The result? According to the New York Times, the changes "drastically curtailed the role of businesses, political committees and lobbyists in campaigns" and, importantly, "caused a major drop in donations from those doing business with the city." Such a system, implemented on the national level, could greatly increase the influence of average citizens. In the post-Citizens United era, there are already efforts afoot to weaken such systems. In Arizona, for example, the Chamber of Commerce is working aggressively to overturn the state's clean-money legislation. A push for national public financing, then, must be accompanied by a strong defense of those systems already in place.
The clearest and boldest counter to the court's ruling would be a constitutional amendment stating unequivocally that corporations are not people and do not have the right to buy elections. Rep. Donna Edwards (D-Md.) introduced such an amendment to counter Citizens United during the last session of Congress and views it as the only sure way to beat back the court. "Justice Brandeis got it right," she noted last February. " 'We can have democracy in this country, or we can have great wealth concentrated in the hands of a few, but we can't have both.' "
Campaigns for constitutional amendments demand a great deal of patience and tenacity. But as Jamie Raskin, a Democratic Maryland state senator and professor of constitutional law at American University, notes, "American citizens have repeatedly amended the Constitution to defend democracy when the Supreme Court acts in collusion with democracy's enemies." Not only is a push for an amendment a worthy act, it also provides a unique opportunity to educate the broader public, raise the profile of this important issue and force elected officials to go on record as to where they stand. The campaign could create enormous pressure on state legislatures and Congress, prompting changes to campaign finance even before an amendment is ratified.

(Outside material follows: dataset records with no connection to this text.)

(* Let $\gamma>0$ and $s>0$, let $G(u,v;s)=(u^2+v^2)^{-s}$ and $D_1=\partial/\partial u$. Define polynomials $P_j(u,v;s)$ by $P_1(u,v;s)=-2su$ and $P_{j+1}(u,v;s)=(u^2+v^2)\,\partial_uP_j(u,v;s)-2(s+j)uP_j(u,v;s)$. Then for $u\ge\gamma$, $v\in\mathbb R$ and $j\ge1$, $$\frac{D_1^jG(u,v;s)}{G(u,v;s)}=\frac{P_j(u,v;s)}{(u^2+v^2)^j},$$ and the following estimates hold for all $u\ge\gamma$, $v\in\mathbb R$: $$-\frac{2s}{\gamma}\le\frac{D_1G}{G}<0,\qquad -\frac{s}{4\gamma^2(s+1)}\le\frac{D_1^2G}{G}\le\frac{2s(2s+1)}{\gamma^2},$$ $$-\frac{2s(2s+1)(2s+2)}{\gamma^3}\le\frac{D_1^3G}{G}\le\frac{2s(2s+2)}{\gamma^3(s+2)^2},\qquad -\frac{2s(s+1)(2s+2)\cdot3}{\gamma^4}\le\frac{D_1^4G}{G}\le\frac{2s(2s+1)(2s+2)(2s+3)}{\gamma^4},$$ where $G$ and its derivatives are evaluated at $(u,v;s)$.
   Context: In particular $P_2=2s(2s+1)u^2-2sv^2$, $P_3=-2s(2s+1)(2s+2)u^3+3(2s)(2s+2)uv^2$, $P_4=(2s)(2s+2)[(2s+1)(2s+3)u^4-6(2s+3)u^2v^2+3v^4]$. *)

theory Defs
  imports "HOL-Analysis.Analysis" "HOL-Computational_Algebra.Polynomial"
begin

definition Gfun :: "real \<Rightarrow> real \<Rightarrow> real \<Rightarrow> real" where
  "Gfun v s u = (u\<^sup>2 + v\<^sup>2) powr (- s)"

text \<open>P_j(u,v;s) as a polynomial in u whose coefficients depend on v and s.
  P_1 = -2 s u, P_(j+1) = (u^2+v^2) dP_j/du - 2(s+j) u P_j.  Index 0 is unused.\<close>
fun Ppoly :: "real \<Rightarrow> real \<Rightarrow> nat \<Rightarrow> real poly" where
  "Ppoly v s 0 = 0"
| "Ppoly v s (Suc 0) = [:0, -2 * s:]"
| "Ppoly v s (Suc (Suc j)) =
     [:v\<^sup>2, 0, 1:] * pderiv (Ppoly v s (Suc j))
     - smult (2 * (s + real (Suc j))) [:0, 1:] * Ppoly v s (Suc j)"

end

theory Submission
  imports Defs
begin

text \<open>By induction, \<open>D\<^sub>1\<^sup>j G = P\<^sub>j \<cdot> (u\<^sup>2+v\<^sup>2) powr (-s-j)\<close>: differentiating
  \<open>p \<cdot> w powr a\<close> with \<open>w = u\<^sup>2+v\<^sup>2\<close> gives \<open>w powr (a-1) \<cdot> (w p' + 2 a u p)\<close>, which is exactly the
  recursion defining \<open>P\<^sub>j\<close>. Dividing by \<open>G\<close> leaves \<open>P\<^sub>j / w\<^sup>j\<close>. For \<open>j \<le> 4\<close> this is a rational
  function of \<open>a = u\<^sup>2\<close> and \<open>b = v\<^sup>2\<close>; each bound is first proved at \<open>\<gamma> = u\<close>, where it reduces to a
  polynomial inequality in \<open>a, b\<close> (a square, or a polynomial with nonnegative coefficients),
  and then weakened using \<open>u \<ge> \<gamma>\<close>.\<close>

lemma has_field_derivative_poly_times_powr:
  fixes x v a :: real and p :: "real poly"
  assumes "x\<^sup>2 + v\<^sup>2 > 0"
  shows "((\<lambda>y. poly p y * (y\<^sup>2 + v\<^sup>2) powr a) has_field_derivative
           (x\<^sup>2 + v\<^sup>2) powr (a - 1) * ((x\<^sup>2 + v\<^sup>2) * poly (pderiv p) x + 2 * a * x * poly p x))
         (at x)"
proof -
  have "((\<lambda>y. y\<^sup>2 + v\<^sup>2) has_field_derivative 2 * x) (at x)"
    by (auto intro!: derivative_eq_intros)
  note powr_deriv = DERIV_fun_powr[OF this assms, of a]
  have "((\<lambda>y. poly p y * (y\<^sup>2 + v\<^sup>2) powr a) has_field_derivative
          poly (pderiv p) x * (x\<^sup>2 + v\<^sup>2) powr a + poly p x * (a * (x\<^sup>2 + v\<^sup>2) powr (a - 1) * (2 * x)))
        (at x)"
    using DERIV_mult[OF poly_DERIV powr_deriv, of p] by (simp add: mult_ac)
  moreover have "(x\<^sup>2 + v\<^sup>2) powr a = (x\<^sup>2 + v\<^sup>2) powr (a - 1) * (x\<^sup>2 + v\<^sup>2)"
    using assms by (simp add: powr_diff)
  ultimately show ?thesis
    by (simp add: algebra_simps)
qed

lemma higher_deriv_Gfun:
  fixes x v s :: real
  assumes "x > 0"
  shows "(deriv ^^ Suc k) (Gfun v s) x
           = poly (Ppoly v s (Suc k)) x * (x\<^sup>2 + v\<^sup>2) powr (- s - real (Suc k))"
  using assms
proof (induction k arbitrary: x)
  case 0
  have "Gfun v s = (\<lambda>y. poly [:1:] y * (y\<^sup>2 + v\<^sup>2) powr (- s))"
    by (simp add: Gfun_def fun_eq_iff)
  with has_field_derivative_poly_times_powr[of x v "[:1:]" "- s"] 0
  have "deriv (Gfun v s) x = (x\<^sup>2 + v\<^sup>2) powr (- s - 1) * (- 2 * s * x)"
    by (intro DERIV_imp_deriv) (simp add: add_pos_nonneg)
  then show ?case
    by (simp add: algebra_simps)
next
  case (Suc k)
  let ?P = "Ppoly v s (Suc k)" and ?a = "- s - real (Suc k)"
  have "((deriv ^^ Suc k) (Gfun v s) has_field_derivative
          (x\<^sup>2 + v\<^sup>2) powr (?a - 1) * ((x\<^sup>2 + v\<^sup>2) * poly (pderiv ?P) x + 2 * ?a * x * poly ?P x))
        (at x)"
    using Suc
    by (intro has_field_derivative_transform_within_open
          [OF has_field_derivative_poly_times_powr, where S = "{0<..}"])
       (auto simp: add_pos_nonneg)
  from DERIV_imp_deriv[OF this] show ?case
    by (simp add: algebra_simps power2_eq_square)
qed
(* Let $Y$ be a CARMA$(p,q)$ process with $\Re(\lambda_j)<0$ for all $j$, suppose $\Re(\mu_j)\neq0$ for all $j=1,\dots,q$, and fix $t\in(0,\infty)$. For $\Delta>0$, $n\in\mathbb N$ and $\omega\in\mathbb R$ define $$h^{\Delta,1}(\omega)=\sigma\frac{\sqrt\Delta}{\sigma_\Delta}\frac{\prod_{j=1}^p(1-e^{\Delta(\lambda_j+i\omega)})}{\Theta_\Delta(e^{i\omega\Delta})}\frac{b(-i\omega)}{a(-i\omega)},\quad h^{\Delta,2}(\omega)=\frac{e^{i\omega\Delta}-1}{i\omega},\quad h^{\Delta,3}_n(\omega)=\frac{1-e^{i\omega\Delta n}}{1-e^{i\omega\Delta}}$$ (extended by continuity where the denominators vanish). Then there is a constant $C>0$ such that for all $\omega\in\mathbb R$ and all sufficiently small $\Delta>0$, $$\Big|2\Re\Big(h^{\Delta,1}h^{\Delta,3}_{\lfloor t/\Delta\rfloor}(\omega)\cdot\overline{h^{\Delta,2}h^{\Delta,3}_{\lfloor t/\Delta\rfloor}(\omega)}\Big)\Big|\le h(\omega),$$ where $h(\omega):=\big(7^{2p}/2^{2p+q}+1\big)t^2\mathbf 1_{(-1,1)}(\omega)+C\omega^{-2}\mathbf 1_{\mathbb R\setminus(-1,1)}(\omega)$. Moreover, $h$ is integrable over $\mathbb R$.
   Context: CARMA setting: integers $p>q\ge0$, $\sigma>0$, $a(z)=z^p+a_1z^{p-1}+\dots+a_p=\prod_{i=1}^p(z-\lambda_i)$ and $b(z)=\prod_{i=1}^q(z+\mu_i)$ real polynomials without common zeroes, $\Re(\lambda_i)<0$; $Y_t=\int g(t-u)dL_u$ for a two-sided Lévy process $L$ with $\mathbb{E}L_1=0$, $\mathbb{E}L_1^2=1$ and kernel $g$ with $\int g(s)e^{i\omega s}ds=\sigma b(-i\omega)/a(-i\omega)$, $g=0$ on $(-\infty,0]$. For $\Delta>0$, $Y^\Delta_n=Y_{n\Delta}$ satisfies $\Phi_\Delta(B)Y^\Delta_n=\Theta_\Delta(B)Z^\Delta_n$ with $\Phi_\Delta(z)=\prod_{i=1}^p(1-e^{\Delta\lambda_i}z)$, $B$ the backshift, $Z^\Delta$ white noise of variance $\sigma_\Delta^2$, and $\Theta_\Delta$ the minimum-phase spectral factor (degree $p-1$, $\Theta_\Delta(0)=1$, no zeroes inside the unit circle). Known asymptotics as $\Delta\downarrow0$: $\Theta_\Delta(z)=\prod_{i=1}^{p-q-1}(1+\eta_iz)\prod_{k=1}^q(1-\zeta_kz)$ with $\zeta_k=1-\operatorname{sgn}(\Re\mu_k)\mu_k\Delta+o(\Delta)$, $\eta_i=\xi_i-1-\sqrt{(\xi_i-1)^2-1}+o(1)$, $\xi_i$ the zeroes of $\alpha_{p-q-1}$ (where $\sinh(z)/(\cosh(z)-1+x)=\sum_k\alpha_k(x)z^{2k+1}$), and $\sigma_\Delta^2=\sigma^2\Delta^{2(p-q)-1}/\big((2(p-q)-1)!\prod_i\eta_i\big)(1+o(1))$. *)

theory Defs
  imports "HOL-Analysis.Analysis" "HOL-Computational_Algebra.Polynomial"
begin

text \<open>Spectral density of the CARMA process Y with kernel Fourier transform
  sigma b(-i w)/a(-i w) driven by a Levy process with unit variance.\<close>
definition carma_spec_dens :: "real \<Rightarrow> real poly \<Rightarrow> real poly \<Rightarrow> real \<Rightarrow> real" where
  "carma_spec_dens \<sigma> a b \<omega> =
     \<sigma>^2 / (2*pi) * (cmod (poly (map_poly of_real b) (- \<i> * of_real \<omega>)))^2
       / (cmod (poly (map_poly of_real a) (- \<i> * of_real \<omega>)))^2"

definition sampled_spec_dens :: "real \<Rightarrow> real poly \<Rightarrow> real poly \<Rightarrow> real \<Rightarrow> real \<Rightarrow> real" where
  "sampled_spec_dens \<sigma> a b \<Delta> \<theta> =
     (1/\<Delta>) * (\<Sum>\<^sub>\<infinity>k::int. carma_spec_dens \<sigma> a b ((\<theta> + 2 * pi * of_int k)/\<Delta>))"

definition Phi_poly :: "(nat \<Rightarrow> complex) \<Rightarrow> nat \<Rightarrow> real \<Rightarrow> complex poly" where
  "Phi_poly lam p \<Delta> = (\<Prod>i<p. [:1, - exp (of_real \<Delta> * lam i):])"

Success will require a coalition that transcends party. In this case, there is promising news. An August 2010 Survey USA poll found that 77 percent of all voters - including 70 percent of Republicans and 73 percent of independents - view corporate spending in elections as akin to bribery. Broad majorities favor limiting corporate control over our political lives. A coordinated effort, executed right, could unite progressives, good-government reformers and conservative libertarians in a fight to restore democracy.

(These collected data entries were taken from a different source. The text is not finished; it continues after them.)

lemma nth_permutes_in_injections:
  assumes "ks \<in> strict_dec_lists n N" "p permutes {0..<n}"
  shows "restrict (\<lambda>i. ks ! p i) {0..<n} \<in> injections n N"
proof -
  have ks: "length ks = n" "sorted_wrt (>) ks" "set ks \<subseteq> {..<N}" and p: "p permutes {0..<n}"
    using assms by (auto simp: strict_dec_lists_def)
  have "inj_on (\<lambda>i. ks ! p i) {0..<n}"
  proof (rule inj_onI)
    fix i j assume "i \<in> {0..<n}" "j \<in> {0..<n}" "ks ! p i = ks ! p j"
    then have "p i = p j"
      using p ks(1) sorted_greater_distinct[OF ks(2)]
      by (simp add: nth_eq_iff_index_eq permutes_in_image)
    then show "i = j"
      using permutes_inj[OF p] by (simp add: inj_eq)
  qed
  moreover have "ks ! p i \<in> {..<N}" if "i \<in> {0..<n}" for i
    using image_nth_permutes[OF p ks(1)] ks(3) that by blast
  ultimately show ?thesis
    by (simp add: injections_def restrict_PiE_iff)
qed

text \<open>Sort the image of the injection decreasingly and read off the permutation.\<close>
lemma injection_factorization:
  assumes "f \<in> injections n N"
  obtains ks p where "ks \<in> strict_dec_lists n N" "p permutes {0..<n}"
    "f = restrict (\<lambda>i. ks ! p i) {0..<n}"
proof -
  have inj: "inj_on f {0..<n}" and f: "f \<in> {0..<n} \<rightarrow>\<^sub>E {..<N}"
    using assms by (auto simp: injections_def)
  define ks where "ks = rev (sorted_list_of_set (f ` {0..<n}))"
  have set_ks: "set ks = f ` {0..<n}" and len_ks: "length ks = n"
    using inj by (simp_all add: ks_def length_sorted_list_of_set card_image)
  have sorted_ks: "sorted_wrt (>) ks"
    unfolding ks_def sorted_wrt_rev by (rule strict_sorted_list_of_set)
  have nth_bij: "bij_betw ((!) ks) {..<n} (set ks)"
    by (rule bij_betw_nth) (simp_all add: len_ks sorted_greater_distinct[OF sorted_ks])
  define p where "p i = (if i < n then inv_into {..<n} ((!) ks) (f i) else i)" for i
  have f_in: "f i \<in> (!) ks ` {..<n}" if "i < n" for i
    using that set_ks bij_betw_imp_surj_on[OF nth_bij] by auto
  have p_in: "p i < n" and ks_p: "ks ! p i = f i" if "i < n" for i
    using inv_into_into[OF f_in[OF that]] f_inv_into_f[OF f_in[OF that]] that
    by (simp_all add: p_def)
  have "inj_on p {0..<n}"
    by (rule inj_onI) (metis ks_p atLeastLessThan_iff inj inj_on_def)
  then have "p permutes {0..<n}"
    by (rule inj_on_nat_permutes) (use p_in in \<open>auto simp: p_def\<close>)
  moreover have "f = restrict (\<lambda>i. ks ! p i) {0..<n}"
    using f ks_p by (auto simp: PiE_def extensional_def)
  moreover have "ks \<in> strict_dec_lists n N"
    using len_ks sorted_ks set_ks f by (auto simp: strict_dec_lists_def)
  ultimately show ?thesis
    using that by blast
qed
lemma bij_betw_resonance_coord: "bij_betw resonance_coord (fC S Hs Es) (Pow Hs)"
proof (rule bij_betw_imageI)
  show "inj_on resonance_coord (fC S Hs Es)"
  proof (rule inj_onI)
    fix M M' assume "M \<in> fC S Hs Es" "M' \<in> fC S Hs Es" "resonance_coord M = resonance_coord M'"
    then have "sym_diff M M' = {}"
      using fC_symdiff by simp
    then show "M = M'"
      by blast
  qed
  have "X \<in> resonance_coord ` fC S Hs Es" if "X \<subseteq> Hs" for X
    using resonance_coord_clar_matching[OF that] clar_matching_in_fC by (metis image_eqI)
  then show "resonance_coord ` fC S Hs Es = Pow Hs"
    by (auto simp: resonance_coord_def)
qed

lemma hexE_eq_UN_clar_hexagons:
  assumes "D \<subseteq> Hs" "(\<Union>d\<in>D. hexE d) = hexE c"
  shows "card D = 1"
proof -
  have eq: "hexE d = hexE c" if "d \<in> D" for d
  proof -
    have "hexE d \<subseteq> hexE c"
      using assms(2) that by blast
    then show ?thesis
      using card_subset_eq[OF finite_hexE] card_hexE by metis
  qed
  have "hexE c \<noteq> {}"
    using card_hexE[of c] by (metis card.empty zero_neq_numeral)
  then obtain d where d: "d \<in> D"
    using assms(2) by blast
  have "d' = d" if "d' \<in> D" for d'
  proof -
    have "hex_edge d 0 \<in> hexE d'"
      using eq[OF d] eq[OF that] by (auto simp: hexE_def)
    then obtain k where "hex_edge d 0 = hex_edge d' k"
      by (auto simp: hexE_def)
    then have "hex_vertex d 0 \<in> hexV d'" "hex_vertex d 0 \<in> hexV d"
      using hex_vertex_in_hex_edge(1)[of d 0] hex_edge_subset_hexV by (metis subsetD)+
    then show ?thesis
      using hexagon_at_vertex_unique assms(1) d that by blast
  qed
  with d have "D = {d}"
    by blast
  then show ?thesis
    by simp
qed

The multitude of reform groups working to build a more just and democratic political system understand that if this issue is to grip people's imaginations, it must be about more than process. In a nation where recovery still feels like recession, the suffocating grip of corporate money is anything but abstract. Mobilizing the American people to make reform a priority will demand making the clearest possible link between the rise of corporate power and the challenges of everyday lives.
That's not a tough pitch.
In just the past two years, corporate money can be blamed for watering down consumer protections and diluting health-care and financial reform. In truth, there is almost no conversation we have in American politics in which corporations don't occupy all the seats at the table. As Sen. Dick Durbin (D-Ill.) acknowledged while talking about big banks during last year's financial reform debate: "They frankly own the place."
Changing that dynamic might well be the central challenge of this generation. Reversing Citizens United is about more than any one issue or court case - it is, at its base, a question of whether American democracy itself can beat back a corporate takeover, whether our most cherished principles of self-government can ultimately prevail.